The net profit, although up from a loss of $1.5 billion in the same period of last year, missed analyst expectations of $2.56 billion according to Factset. Underlying replacement cost profit, which strips out the changes in the value of inventories, was down 23 percent on the same time last year at $2.71 billion.
The company attributed its higher tax bill mainly on the impact of the stronger dollar. It added that the fall in value of the Russian rouble and a lag in export duty had also adversely affected its bottom line.
BP also made more provisions for the 2010 oil spill in the Gulf of Mexico, increasing the total by about $200 million to $42.4 billion.
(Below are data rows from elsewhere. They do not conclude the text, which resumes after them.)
lemma prob_Dseq_path_transition:
  fixes s :: "nat \<Rightarrow> real"
  assumes "n \<ge> 1"
  defines "past \<equiv> {\<omega>\<in>space M. \<forall>i\<in>{1..n}. Dseq X i \<omega> = s i}"
  shows "prob (event_eq M (Dseq X (Suc n)) b \<inter> past) = prob past * transition_prob (s n) b"
proof (rule prob_Dseq_Suc_inter[OF assms(1)])
  show "{x \<in> space (PiM {1..n} (\<lambda>_. borel)). \<forall>i\<in>{1..n}. Dseq (\<lambda>i x. x i) i x = s i}
      \<in> sets (PiM {1..n} (\<lambda>_. borel))"
  proof (rule sets.sets_Collect_finite_All)
    fix i assume "i \<in> {1..n}"
    then have [measurable]: "Dseq (\<lambda>i x. x i) i \<in> borel_measurable (PiM {1..n} (\<lambda>_. borel))"
      by (intro measurable_Dseq_coordinates) simp
    show "{x \<in> space (PiM {1..n} (\<lambda>_. borel)). Dseq (\<lambda>i x. x i) i x = s i} \<in> sets (PiM {1..n} (\<lambda>_. borel))"
      by measurable
  qed simp
  show "past = {\<omega>\<in>space M. history n \<omega> \<in>
      {x \<in> space (PiM {1..n} (\<lambda>_. borel)). \<forall>i\<in>{1..n}. Dseq (\<lambda>i x. x i) i x = s i}}"
    using Dseq_eq_history[of _ n] by (auto simp: past_def history_def space_PiM)
qed (use assms in auto)

lemma cprob_Dseq_transition:
  assumes "n \<ge> 1" "prob (event_eq M (Dseq X n) a) > 0"
  shows "cprob M (event_eq M (Dseq X (Suc n)) b) (event_eq M (Dseq X n) a) = transition_prob a b"
  using prob_Dseq_transition[OF assms(1)] assms(2) by (simp add: cprob_def)

lemma time_homogeneous_markov_chain_Dseq: "time_homogeneous_markov_chain M (Dseq X)"
  unfolding time_homogeneous_markov_chain_def
proof (intro conjI allI impI)
  fix n :: nat and s :: "nat \<Rightarrow> real"
  assume n: "1 \<le> n"
  let ?past = "{\<omega>\<in>space M. \<forall>i\<in>{1..n}. Dseq X i \<omega> = s i}"
  let ?E = "event_eq M (Dseq X n) (s n)"
  assume past_pos: "0 < prob ?past"
  have "?past \<subseteq> ?E"
    using n by (auto simp: event_eq_def)
  then have "prob ?past \<le> prob ?E"
    by (intro finite_measure_mono) (auto simp: event_eq_def)
  with past_pos have "0 < prob ?E" by simp
  then show "cprob M (event_eq M (Dseq X (Suc n)) (s (Suc n))) ?past
      = cprob M (event_eq M (Dseq X (Suc n)) (s (Suc n))) ?E"
    using cprob_Dseq_transition n prob_Dseq_path_transition[OF n] past_pos by (simp add: cprob_def)
qed (use cprob_Dseq_transition in auto)

lemma prob_Dseq_1:
  assumes "k \<ge> 1"
  shows "prob (event_eq M (Dseq X 1) (2 * real k)) = 2 / ((2 * real k - 1) * (2 * real k + 1))"
proof -
  have "prob (event_eq M (Dseq X 1) (2 * real k)) = prob {\<omega>\<in>space M. X 1 \<omega> \<in> {x. even_round (exp x) = 2 * real k}}"
    by (simp add: event_eq_def)
  also have "\<dots> = measure exp_measure {x. even_round (exp x) = 2 * real k}"
    by (rule prob_X) auto
  finally show ?thesis
    using measure_exp_measure_even_round_exp[OF assms] by simp
qed

text \<open>Needed because cprob is 0 for a null conditioning event.\<close>
lemma prob_Dseq_even_pos:
  assumes "n \<ge> 1" and k: "k \<ge> 1"
  shows "prob (event_eq M (Dseq X n) (2 * real k)) > 0"
  using assms(1)
proof (induction n rule: nat_induct_at_least)
  case base
  have "0 < 2 * real k - 1"
    using k by simp
  then show ?case
    unfolding prob_Dseq_1[OF k] by simp
next
  case (Suc n)
  let ?E = "event_eq M (Dseq X n) (2 * real k)"
  let ?F = "event_eq M (Dseq X (Suc n)) (2 * real k)"
  have "0 < prob ?E / (2 * real k)"
    using Suc.IH k by simp
  also have "\<dots> = prob (?F \<inter> ?E)"
    using prob_Dseq_transition[OF Suc.hyps] transition_prob_even[OF k order_refl] by simp
  also have "\<dots> \<le> prob ?F"
    by (intro finite_measure_mono) (auto simp: event_eq_def)
  finally show ?case .
qed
The figure includes a $1.4 billion provision for the settlement with the plaintiffs' steering committee, which brings that figure to $9.6 billion.
The explosion on the Deepwater Horizon platform killed 11 workers and released millions of gallons of oil into the gulf, wreaking economic and environmental damage across several southern states.
CEO Bob Dudley said in a statement that the results showed "strong underlying pre-tax performance" and the group was "seeing growth in production from new high-margin projects and are making good progress in exploration and project delivery."
Keith Bowman, equity analyst at Hargreaves Lansdown Stockbrokers, says BP's new production ventures have moved forward in Brazil, India and the South China Sea.
"In all, BP is a company trying to look forward but remaining firmly anchored to the past," Bowman said. "A full resolution of its Gulf of Mexico accident is still in the balance, whilst both BP and the wider industry remain hostage to uncontrollable factors such as the oil price, government appetite for tax revenues and the strength of the broader global economy."